From the entries below, copy out all lines holding "subst".

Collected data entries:
########

lemma uniform_distributed_reflect:
  fixes a b :: real
  assumes D: "distributed M lborel Z (\<lambda>x. indicator {a..b} x / measure lborel {a..b})"
  shows "distributed M lborel (\<lambda>\<omega>. a + b - Z \<omega>)
           (\<lambda>x. indicator {a..b} x / measure lborel {a..b})"
proof -
  have Zm: "Z \<in> borel_measurable M" and "a < b"
    using distributed_measurable[OF D] uniform_distributed_bounds[OF D] by auto
  have "prob {\<omega>\<in>space M. a + b - Z \<omega> \<le> t} = (t - a) / (b - a)" if "a \<le> t" "t \<le> b" for t
  proof -
    have "{\<omega>\<in>space M. a + b - Z \<omega> \<le> t} =
        space M - ({\<omega>\<in>space M. Z \<omega> \<le> a + b - t} - {\<omega>\<in>space M. Z \<omega> = a + b - t})"
      by auto
    also have "prob \<dots> =
        1 - (prob {\<omega>\<in>space M. Z \<omega> \<le> a + b - t} - prob {\<omega>\<in>space M. Z \<omega> = a + b - t})"
      using Zm by (subst prob_compl, measurable) (subst finite_measure_Diff, auto)
    also have "\<dots> = (t - a) / (b - a)"
      using uniform_distributed_measure[OF D, of "a + b - t"]
        prob_point_eq_0_if_distributed_lborel[OF D, of "a + b - t"] that \<open>a < b\<close> by (simp add: field_simps)
    finally show ?thesis .
  qed
  then show ?thesis
    using Zm \<open>a < b\<close> by (subst uniform_distributed_iff) auto
qed

lemma AE_mem_iff_if_prob_eq:
  assumes A: "A \<in> events" and B: "B \<in> events" and "prob A = prob B" and "A - B \<in> null_sets M"
  shows "AE \<omega> in M. \<omega> \<in> A \<longleftrightarrow> \<omega> \<in> B"
proof -
  have "prob (B - A) = prob (A - B)"
    using assms finite_measure_Diff'[OF A B] finite_measure_Diff'[OF B A] by (simp add: Int_commute)
  then have "B - A \<in> null_sets M"
    using assms by (auto simp: null_sets_def emeasure_eq_measure)
  then show ?thesis
    by (rule AE_I'[OF null_sets.Un[OF \<open>A - B \<in> null_sets M\<close>]]) blast
qed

########

### TASK ANSWER
      using Zm by (subst prob_compl, measurable) (subst finite_measure_Diff, auto)
    using Zm \<open>a < b\<close> by (subst uniform_distributed_iff) auto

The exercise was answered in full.